However, indirect effects of nutrient pollution are profound. For example, phototrophic hard corals can be out-competed by other benthic primary producers in high nutrient environments, leading to the establishment of macro-algae. High nutrient availability generally leads to increases in phytoplankton populations which in extreme cases reduce benthic light availability and cause seasonal hypoxia (Diaz and Rosenberg, 2008). Resultant organic enrichment can

cause a shift to heterotrophic and/or filter Fulvestrant feeding communities, and plays a role in driving population outbreaks of the coral-eating crown-of-thorns starfish (Fabricius, 2011), one of the main causes of coral cover declines on the Great Barrier Reef (De’ath et al., 2012). Overall, eutrophication can result in increased coral disease (Sutherland et al., 2004 and Vega Thurber et al., 2013) and mortality, ABT-737 nmr and contribute to loss of coral diversity, structure and function, including phase shifts to macroalgae (Fabricius, 2011). The reduction of siltation and eutrophication of coastal marine ecosystems by better managing agricultural sources at local and regional scales is a challenge for coastal communities around the world (Boesch, 2002 and Cloern, 2001), including those bordering coral reefs (Brodie et al., 2012). Globally, substantial effort is going into re-establishing environmental flows (Postel and Richter,

2003).
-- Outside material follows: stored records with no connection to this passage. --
definition mixture :: "('w \<times> 'z) measure" where
  "mixture = scale_measure (ennreal (1 / real n))
     (distr (count_space {..<n} \<Otimes>\<^sub>M J) (MW \<Otimes>\<^sub>M MZ) (\<lambda>(i, p). (snd p, fst p i)))"

lemma sets_mixture: "sets mixture = sets (MW \<Otimes>\<^sub>M MZ)"
  by (simp add: mixture_def)

lemmas measurable_mixture = measurable_cong_sets[OF sets_mixture refl]

lemma nn_integral_mixture:
  assumes h: "h \<in> borel_measurable (MW \<Otimes>\<^sub>M MZ)"
  shows "(\<integral>\<^sup>+ x. h x \<partial>mixture) = ennreal (1 / real n) * (\<Sum>i<n. \<integral>\<^sup>+ p. h (snd p, fst p i) \<partial>J)"
proof -
  interpret J: sigma_finite_measure J using prob_J by (rule prob_space_imp_sigma_finite)
  have mix: "(\<lambda>(i, p). (snd p, fst p i)) \<in> measurable (count_space {..<n} \<Otimes>\<^sub>M J) (MW \<Otimes>\<^sub>M MZ)"
    by (rule measurable_pair_measure_countable1) (simp_all add: component_measurable)
  have "(\<integral>\<^sup>+ x. h x \<partial>distr (count_space {..<n} \<Otimes>\<^sub>M J) (MW \<Otimes>\<^sub>M MZ) (\<lambda>(i, p). (snd p, fst p i)))
      = (\<integral>\<^sup>+ x. h (case x of (i, p) \<Rightarrow> (snd p, fst p i)) \<partial>(count_space {..<n} \<Otimes>\<^sub>M J))"
    using h mix by (intro nn_integral_distr) auto
  also have "\<dots> = (\<Sum>i<n. \<integral>\<^sup>+ p. h (snd p, fst p i) \<partial>J)"
    using h mix by (subst J.nn_integral_fst[symmetric]) (auto simp: nn_integral_count_space_finite)
  finally show ?thesis
    unfolding mixture_def using h by (simp add: nn_integral_scale_measure)
qed

lemma nn_integral_mixture_eqI:
  assumes h: "h \<in> borel_measurable (MW \<Otimes>\<^sub>M MZ)"
    and components: "\<And>i. i < n \<Longrightarrow> (\<integral>\<^sup>+ p. h (snd p, fst p i) \<partial>J) = c"
  shows "(\<integral>\<^sup>+ x. h x \<partial>mixture) = c"
proof -
  have "ennreal (1 / real n) * of_nat n = 1"
    using n by (simp add: ennreal_of_nat_eq_real_of_nat ennreal_mult''[symmetric] del: ennreal_mult'')
  then show ?thesis
    using components by (simp add: nn_integral_mixture[OF h] mult.assoc[symmetric])
qed

lemma nn_integral_mixture_sum:
  assumes h: "h \<in> borel_measurable (MW \<Otimes>\<^sub>M MZ)" "\<And>x. 0 \<le> h x"
  shows "(\<integral>\<^sup>+ x. ennreal (h x) \<partial>mixture)
       = ennreal (1 / real n) * (\<integral>\<^sup>+ p. ennreal (\<Sum>i<n. h (snd p, fst p i)) \<partial>J)"
proof -
  have "(\<integral>\<^sup>+ p. ennreal (\<Sum>i<n. h (snd p, fst p i)) \<partial>J)
      = (\<integral>\<^sup>+ p. (\<Sum>i<n. ennreal (h (snd p, fst p i))) \<partial>J)"
    using h(2) by (simp add: sum_ennreal)
  also have "\<dots> = (\<Sum>i<n. \<integral>\<^sup>+ p. ennreal (h (snd p, fst p i)) \<partial>J)"
    using h(1) by (intro nn_integral_sum) (auto intro: measurable_compose[OF component_measurable])
  finally show ?thesis
    using h by (simp add: nn_integral_mixture)
qed

lemma nn_integral_mixture_fst:
  assumes "h \<in> borel_measurable MW"
  shows "(\<integral>\<^sup>+ x. h (fst x) \<partial>mixture) = (\<integral>\<^sup>+ p. h (snd p) \<partial>J)"
  using assms by (intro nn_integral_mixture_eqI) simp_all

lemma prob_mixture: "prob_space mixture"
  by (rule prob_spaceI)
    (use nn_integral_mixture_eqI[of "\<lambda>_. 1" 1] prob_space.emeasure_space_1[OF prob_J] in simp)

lemma distr_mixture_fst: "distr mixture MW fst = \<nu>"
proof (rule measure_eqI)
  fix B assume "B \<in> sets (distr mixture MW fst)"
  then have B: "B \<in> sets MW" by simp
  have "(\<integral>\<^sup>+ x. indicator B (fst x) \<partial>mixture) = emeasure \<nu> B"
    using B by (simp add: nn_integral_mixture_fst emeasure_distr_eq_nn_integral measurable_J)
  with B show "emeasure (distr mixture MW fst) B = emeasure \<nu> B"
    by (simp add: emeasure_distr_eq_nn_integral measurable_mixture)
qed simp

lemma distr_mixture_snd: "distr mixture MZ snd = \<mu>'"
proof (rule measure_eqI)
  fix B assume "B \<in> sets (distr mixture MZ snd)"
  then have B: "B \<in> sets MZ" by simp
  have "(\<integral>\<^sup>+ p. indicator B (fst p i) \<partial>J) = emeasure \<mu>' B" if "i < n" for i
    using B that mu' nn_integral_joint_law_sample[of "\<lambda>s. indicator B (s i)"]
      nn_integral_PiM_component[of \<mu>' i "{..<n}" "indicator B"]
    by simp
  then have "(\<integral>\<^sup>+ x. indicator B (snd x) \<partial>mixture) = emeasure \<mu>' B"
    using B by (intro nn_integral_mixture_eqI) simp_all
  with B show "emeasure (distr mixture MZ snd) B = emeasure \<mu>' B"
    by (simp add: emeasure_distr_eq_nn_integral measurable_mixture)
qed (simp add: mu')

lemma mixture_coupling: "mixture \<in> couplings MW MZ \<nu> \<mu>'"
  unfolding couplings_def
  using prob_mixture sets_mixture distr_mixture_fst distr_mixture_snd by simp

lemma sets_indep_J: "sets indep_J = sets (Zn \<Otimes>\<^sub>M MW)"
  by (rule sets_pair_measure_cong) (simp_all add: sets_mun)

lemma sets_indep_mix: "sets indep_mix = sets (MW \<Otimes>\<^sub>M MZ)"
  by (rule sets_pair_measure_cong) (simp_all add: mu')

lemmas measurable_indep_J = measurable_cong_sets[OF sets_indep_J refl]
lemmas measurable_indep_mix = measurable_cong_sets[OF sets_indep_mix refl]

lemma prob_indep_J: "prob_space indep_J"
  using prob_nu prob_mun by (intro prob_space_pair) auto

lemma prob_indep_mix: "prob_space indep_mix"
  using prob_nu mu' by (intro prob_space_pair) auto

lemma nn_integral_indep_J_component:
  assumes g: "g \<in> borel_measurable (MW \<Otimes>\<^sub>M MZ)" and i: "i < n"
  shows "(\<integral>\<^sup>+ p. g (snd p, fst p i) \<partial>indep_J) = (\<integral>\<^sup>+ x. g x \<partial>indep_mix)"
proof -
  interpret pair_sigma_finite \<mu>n \<nu>
    using prob_mun prob_nu by (intro pair_sigma_finite.intro) (auto intro: prob_space_imp_sigma_finite)
  interpret \<mu>': sigma_finite_measure \<mu>' using mu' by (auto intro: prob_space_imp_sigma_finite)
  have "(\<integral>\<^sup>+ p. g (snd p, fst p i) \<partial>indep_J) = (\<integral>\<^sup>+ w. \<integral>\<^sup>+ s. g (w, s i) \<partial>\<mu>n \<partial>\<nu>)"
    using nn_integral_snd[of "\<lambda>p. g (snd p, fst p i)"] g i by (simp add: measurable_indep_J)
  also have "\<dots> = (\<integral>\<^sup>+ w. \<integral>\<^sup>+ z. g (w, z) \<partial>\<mu>' \<partial>\<nu>)"
    using measurable_Pair2[of g] g i mu'
    by (intro nn_integral_cong nn_integral_PiM_component) (auto simp: measurable_indep_mix)
  also have "\<dots> = (\<integral>\<^sup>+ x. g x \<partial>indep_mix)"
    using \<mu>'.nn_integral_fst[of g \<nu>] g by (simp add: measurable_indep_mix)
  finally show ?thesis .
qed

lemma AE_component_of_mixture:
  assumes \<Phi>: "Measurable.pred (MW \<Otimes>\<^sub>M MZ) \<Phi>" and AE: "AE x in mixture. \<Phi> x" and i: "i < n"
  shows "AE p in J. \<Phi> (snd p, fst p i)"
proof -
  have "(\<integral>\<^sup>+ x. indicator {x. \<not> \<Phi> x} x \<partial>mixture) = 0"
    using AE \<Phi> by (subst nn_integral_0_iff_AE) (auto simp: measurable_mixture elim: AE_mp)
  then have "(\<Sum>i<n. \<integral>\<^sup>+ p. indicator {x. \<not> \<Phi> x} (snd p, fst p i) \<partial>J) = 0"
    using n \<Phi> by (simp add: nn_integral_mixture)
  then have "(\<integral>\<^sup>+ p. indicator {x. \<not> \<Phi> x} (snd p, fst p i) \<partial>J) = 0"
    using i by simp
  then have "AE p in J. indicator {x. \<not> \<Phi> x} (snd p, fst p i) = (0::ennreal)"
    using \<Phi> i by (subst (asm) nn_integral_0_iff_AE) (simp_all add: measurable_J)
  then show ?thesis
    by eventually_elim (simp split: split_indicator_asm)
qed

lemma mixture_absolutely_continuous:
  assumes ac: "absolutely_continuous indep_J J"
  shows "absolutely_continuous indep_mix mixture"
  unfolding absolutely_continuous_def
proof
  fix N assume N: "N \<in> null_sets indep_mix"
  then have N_indep: "N \<in> sets indep_mix" by blast
  then have N_sets: "N \<in> sets (MW \<Otimes>\<^sub>M MZ)" unfolding sets_indep_mix .
  have "(\<integral>\<^sup>+ p. indicator N (snd p, fst p i) \<partial>J) = 0" if i: "i < n" for i
  proof -
    have "(\<integral>\<^sup>+ p. indicator N (snd p, fst p i) \<partial>indep_J) = 0"
      using null_setsD1[OF N] N_indep N_sets i by (simp add: nn_integral_indep_J_component)
    then have "AE p in indep_J. indicator N (snd p, fst p i) = (0::ennreal)"
      using N_sets i by (subst (asm) nn_integral_0_iff_AE) (auto simp: measurable_indep_J)
    then have "AE p in J. indicator N (snd p, fst p i) = (0::ennreal)"
      by (rule absolutely_continuous_AE[OF sets_J[folded sets_indep_J] ac])
    then show ?thesis
      using N_sets i by (subst nn_integral_0_iff_AE) (auto simp: measurable_J)
  qed
  then have "emeasure mixture N = 0"
    using N_sets by (simp add: nn_integral_mixture flip: nn_integral_indicator add: sets_mixture)
  then show "N \<in> null_sets mixture"
    using N_sets by (simp add: null_sets_def sets_mixture)
qed

lemma mutual_inf_mixture: "mutual_inf MW MZ mixture = KL_div mixture indep_mix"
  unfolding mutual_inf_def distr_mixture_fst distr_mixture_snd ..

context
  assumes ac: "absolutely_continuous indep_J J"
begin

abbreviation "f \<equiv> real_RN_deriv indep_mix mixture"

lemma borel_measurable_mixture_density [measurable]: "f \<in> borel_measurable (MW \<Otimes>\<^sub>M MZ)"
  using borel_measurable_real_RN_deriv[of indep_mix mixture] by (simp only: measurable_indep_mix)

lemma mixture_density_facts:
  "mixture = density indep_mix (\<lambda>x. ennreal (f x))"
  "KL_div mixture indep_mix = enn2ereal (\<integral>\<^sup>+ x. ennreal (ln (f x)) \<partial>mixture)
                            - enn2ereal (\<integral>\<^sup>+ x. ennreal (- ln (f x)) \<partial>mixture)"
  "(\<integral>\<^sup>+ x. ennreal (- ln (f x)) \<partial>mixture) \<le> 1"
  "AE x in mixture. 0 < f x"
  using prob_space_imp_sigma_finite[OF prob_indep_mix] prob_space_imp_sigma_finite[OF prob_mixture]
    mixture_absolutely_continuous[OF ac] sets_mixture[folded sets_indep_mix]
  by (rule density_real_RN_deriv KL_div_eq_log_parts
      nn_integral_neg_log_RN_deriv_le_1[OF _ _ _ _ prob_indep_mix] AE_real_RN_deriv_pos)+

lemma AE_fiber_mixture_density: "AE w in \<nu>. (\<integral>\<^sup>+ z. ennreal (f (w, z)) \<partial>\<mu>') = 1"
proof (rule AE_fiber_integral_density_eq_1)
  have "distr mixture \<nu> fst = distr mixture MW fst"
    by (rule distr_cong) simp_all
  then show "distr (density indep_mix (\<lambda>x. ennreal (f x))) \<nu> fst = \<nu>"
    by (simp add: mixture_density_facts(1)[symmetric] distr_mixture_fst)
qed (use prob_nu mu' in \<open>auto intro: prob_space_imp_sigma_finite real_RN_deriv_nonneg\<close>)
In headwater catchments, more natural flow regimes are being reinstated through, for example, including high flows in dam releases (Rood et al.,

2005) and removing small dams and weirs (Stanley and Doyle, 2003). Ecological outcomes in downstream reaches have been documented within a year, and include formation of new river channels, restored riparian vegetation, and improved fish passage and spawning habitat (Rood et al., 2005 and Stanley and Doyle, 2003). Restoration of more natural flow regimes to coastal marine waters is being attempted through, for example, removal of large dams (Service, 2011), buying back irrigation water (Pincock, 2010) or agricultural land (Stokstad, 2008), and restoration Mannose-binding protein-associated serine protease of coastal floodplains (Buijse et al., 2002). Such larger-scale interventions have only commenced in recent years, and consequently, we were unable to find any documented examples of restored freshwater flow regimes into coastal waters (Table 1a). Nevertheless, while it is expected that freshwater flows should return to more natural regimes almost immediately, recovery of associated physical and biological processes may take years to decades (Hart et al., 2002). Despite significant investment in sediment erosion and transport control measures (Bernhardt et al., 2005), we found only one documented example of reductions in net fluxes of sediment reaching coastal marine waters following land-based restoration efforts (Tables 1b and 2).